Security Label Inheritance

Started by Damien Clochard11 months ago4 messages
#1Damien Clochard
Damien Clochard
damien@dalibo.info

Hi

My name's Damien Clochard and I'm the main developer of the PostgreSQL
Anonymizer extension. This extension relies heavily on security labels.
Among other things, users can add labels to define a "masking rule" upon
a column and to declare that a roles is "masked".

More details on how this works on the documentation:
https://postgresql-anonymizer.readthedocs.io/en/latest/dynamic_masking/

Currently a security label is applied to one and only one object. In
particular a label does not apply to the objects that inherit from the
objet it is originally associated with.

Consider the following

ALTER DATABASE foo SET session_preload_libraries = 'anon';
ALTER DATABASE foo SET anon.transparent_dynamic_masking = TRUE;

CREATE TABLE people AS SELECT 5432 AS id, 'slonik' AS name;
CREATE EXTENSION anon;
SECURITY LABEL FOR anon ON COLUMN people.name IS 'MASKED WITH VALUE
NULL';
CREATE ROLE extern INHERIT;
SECURITY LABEL FOR anon ON ROLE extern IS 'MASKED';
GRANT USAGE ON SCHEMA public TO extern;
GRANT SELECT ON ALL TABLES IN SCHEMA public TO extern;
CREATE ROLE joe LOGIN IN ROLE extern;

When connecting as role joe, I will have all the privileges granted to
extern. However, joe is not affected by the security label defined on
the extern group.
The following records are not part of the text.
lemma positive_generalized_portfolio_single:
  assumes "positive_portfolio SS V n H"
  shows "positive_generalized_portfolio SS
           ((\<lambda>_. 0)(1 := V)) ((\<lambda>_. 1)(1 := n)) ((\<lambda>_ _ _. 0)(1 := H))"
  using assms simple_portfolio_zero
  unfolding positive_generalized_portfolio_def generalized_portfolio_def positive_portfolio_def
  by auto

lemma gsum_shift_0:
  assumes "\<And>m. 0 \<le> x (Suc m)"
  shows "ereal c \<le> gsum x \<longleftrightarrow> 0 \<le> gsum (x(0 := x 0 - c))"
proof -
  have "0 \<le> (\<Sum>m. ereal (x (Suc m)))" by (rule suminf_0_le) (use assms in auto)
  then show ?thesis unfolding gsum_def by (cases "\<Sum>m. ereal (x (Suc m))") auto
qed

lemma gsum_neq_minf:
  assumes "\<And>m. 0 \<le> x (Suc m)"
  shows "gsum x \<noteq> -\<infinity>"
proof -
  have "0 \<le> (\<Sum>m. ereal (x (Suc m)))" by (rule suminf_0_le) (use assms in auto)
  then show ?thesis unfolding gsum_def by auto
qed

lemma gsum_nonneg:
  assumes "0 \<le> x 0" "\<And>m. 0 \<le> x (Suc m)"
  shows "0 \<le> gsum x"
  unfolding gsum_def using assms by (intro add_nonneg_nonneg suminf_0_le) auto

lemma generalized_portfolio_tail_nonneg:
  assumes "generalized_portfolio SS Vs ns Hs"
  shows "0 \<le> Vs (Suc m)" and "S \<in> SS \<Longrightarrow> 0 \<le> wealth_inf (Vs (Suc m)) (ns (Suc m)) (Hs (Suc m)) S"
  using assms unfolding generalized_portfolio_def positive_portfolio_def by auto

lemma upper_sigma_le:
  assumes "generalized_portfolio SS Vs ns Hs" "superhedges SS f Vs ns Hs V"
  shows "upper_sigma SS f \<le> V"
proof -
  have "V = gsum Vs" using assms(2) unfolding superhedges_def by blast
  moreover have "gsum Vs \<noteq> -\<infinity>"
    by (rule gsum_neq_minf) (rule generalized_portfolio_tail_nonneg(1)[OF assms(1)])
  ultimately show ?thesis
    using assms unfolding upper_sigma_def by (blast intro: Inf_lower)
qed

lemma upper_I_le:
  assumes "positive_generalized_portfolio SS Vs ns Hs" "superhedges SS f Vs ns Hs V" "0 \<le> V"
  shows "upper_I SS f \<le> V"
  using assms unfolding upper_I_def by (blast intro: Inf_lower)

lemma upper_sigma_mono:
  assumes "\<forall>S\<in>SS. f S \<le> g S"
  shows "upper_sigma SS f \<le> upper_sigma SS g"
  unfolding upper_sigma_def
proof (rule Inf_superset_mono, clarify)
  fix V Vs ns Hs
  assume "V \<noteq> -\<infinity>" "generalized_portfolio SS Vs ns Hs" "superhedges SS g Vs ns Hs V"
  with assms show "\<exists>Vs ns Hs. generalized_portfolio SS Vs ns Hs \<and> superhedges SS f Vs ns Hs V"
    unfolding superhedges_def by (blast intro: order_trans)
qed

lemma upper_sigma_le_upper_I: "upper_sigma SS f \<le> upper_I SS f"
  unfolding upper_sigma_def upper_I_def positive_generalized_portfolio_def
  by (rule Inf_superset_mono) auto

lemma hedging_price_eq:
  assumes "LOP SS" "simple_portfolio SS V n H" "\<forall>S\<in>SS. f S = wealth_inf V n H S"
  shows "hedging_price SS f = V"
  unfolding hedging_price_def
proof (rule the_equality)
  show "\<exists>n H. simple_portfolio SS V n H \<and> (\<forall>S\<in>SS. f S = wealth_inf V n H S)"
    using assms by blast
next
  fix V' assume "\<exists>n H. simple_portfolio SS V' n H \<and> (\<forall>S\<in>SS. f S = wealth_inf V' n H S)"
  with assms show "V' = V" unfolding LOP_def by metis
qed

lemma superhedging_endowment_ge_price:
  assumes sigma0: "0 \<le> upper_sigma SS (\<lambda>S. 0)"
    and sp: "simple_portfolio SS V n H"
    and gp: "generalized_portfolio SS Vs ns Hs"
    and sh: "superhedges SS (\<lambda>S. ereal (wealth_inf V n H S)) Vs ns Hs W"
  shows "ereal V \<le> W"
proof -
  define Vs' where "Vs' = Vs(0 := Vs 0 - V)"
  define ns' where "ns' = ns(0 := max (ns 0) n)"
  define Hs' where "Hs' = Hs(0 := diff_strategy (ns 0) (Hs 0) n H)"
  let ?W = "\<lambda>S m. wealth_inf (Vs m) (ns m) (Hs m) S"
  have "simple_portfolio SS (Vs 0) (ns 0) (Hs 0)"
    using gp unfolding generalized_portfolio_def by blast
  with gp sp have gp': "generalized_portfolio SS Vs' ns' Hs'"
    unfolding generalized_portfolio_def Vs'_def ns'_def Hs'_def by (auto intro: simple_portfolio_diff)
  have "0 \<le> gsum (\<lambda>m. wealth_inf (Vs' m) (ns' m) (Hs' m) S)" if "S \<in> SS" for S
  proof -
    have "(\<lambda>m. wealth_inf (Vs' m) (ns' m) (Hs' m) S) = (?W S)(0 := ?W S 0 - wealth_inf V n H S)"
      by (rule ext) (simp add: Vs'_def ns'_def Hs'_def wealth_inf_diff)
    moreover have "ereal (wealth_inf V n H S) \<le> gsum (?W S)"
      using sh that unfolding superhedges_def by blast
    ultimately show ?thesis
      using gsum_shift_0[of "?W S", OF generalized_portfolio_tail_nonneg(2)[OF gp that]] by simp
  qed
  then have "superhedges SS (\<lambda>S. 0) Vs' ns' Hs' (gsum Vs')"
    unfolding superhedges_def by blast
  then have "upper_sigma SS (\<lambda>S. 0) \<le> gsum Vs'" by (rule upper_sigma_le[OF gp'])
  with sigma0 have "0 \<le> gsum Vs'" by (rule order_trans)
  then have "ereal V \<le> gsum Vs"
    unfolding Vs'_def using gsum_shift_0[of Vs, OF generalized_portfolio_tail_nonneg(1)[OF gp]] by simp
  then show ?thesis using sh unfolding superhedges_def by simp
qed

lemma upper_sigma_simple_payoff:
  assumes sigma0: "0 \<le> upper_sigma SS (\<lambda>S. 0)"
    and sp: "simple_portfolio SS V n H" and f: "\<forall>S\<in>SS. f S = wealth_inf V n H S"
  shows "upper_sigma SS (\<lambda>S. ereal (f S)) = ereal V"
proof (rule antisym)
  show "upper_sigma SS (\<lambda>S. ereal (f S)) \<le> ereal V"
    using f by (intro upper_sigma_le[OF generalized_portfolio_single[OF sp]] superhedges_single) simp
  show "ereal V \<le> upper_sigma SS (\<lambda>S. ereal (f S))"
    unfolding upper_sigma_def
  proof (rule Inf_greatest, clarify)
    fix W Vs ns Hs
    assume "generalized_portfolio SS Vs ns Hs" "superhedges SS (\<lambda>S. ereal (f S)) Vs ns Hs W"
    with f show "ereal V \<le> W"
      by (intro superhedging_endowment_ge_price[OF sigma0 sp]) (auto simp: superhedges_def)
  qed
qed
He can read the personal data.

\connect - joe

SELECT * FROM people;
id | name
------+--------
5432 | slonik

I need to explicitly change the role for the label to be applied and in
that case the mask upon the people.name column is applied

SET ROLE extern;

SELECT * FROM people;
id | name
------+------
5432 |

I am not suggesting that this behaviour should change but I receive a
lot of feedback from users showing some confusion as they would expect
that the INHERIT clause would also apply to security labels, just like
granted privileges.

A similar confusion occurs with inherited tables :

\connect - postgres
CREATE TABLE french (eat_frogs BOOLEAN) INHERITS(people);
INSERT INTO french VALUES (0,'damien', FALSE);
GRANT SELECT ON TABLE french TO extern;

SET ROLE extern;

The mask is applied to the parent table

SELECT * FROM people;
id | name
------+--------
5432 |
0 |

But it is not applied to the child table

SELECT * FROM french;
id | name | eat_frogs
----+--------+-----------
0 | damien | f

Again most users expect that the masking rule on people.name would also
be applied to french.name.

So my first question is : Do you think it would be helpful to update the
SECURITY LABEL command documentation to clarify that security labels are
not concerned by object inheritance ?

My second question is more open : do you think it would be worth adding
a new way to declare that a security label applies to an object and all
its inheritants ? As I understand this would concern only roles and
tables.

Maybe a new optional `[ [WITH] INHERIT | NOINHERIT ]` syntax at the end
of the SECURITY LABEL command....

Something like this :

SECURITY LABEL FOR anon ON ROLE extern IS 'MASKED' WITH INHERIT;

SECURITY LABEL FOR anon ON COLUMN people.name
IS 'MASKED WITH VALUE NULL'
WITH INHERIT;

The default would be NOINHERIT and all extensions that rely on the
current behaviour would continue to work without any change.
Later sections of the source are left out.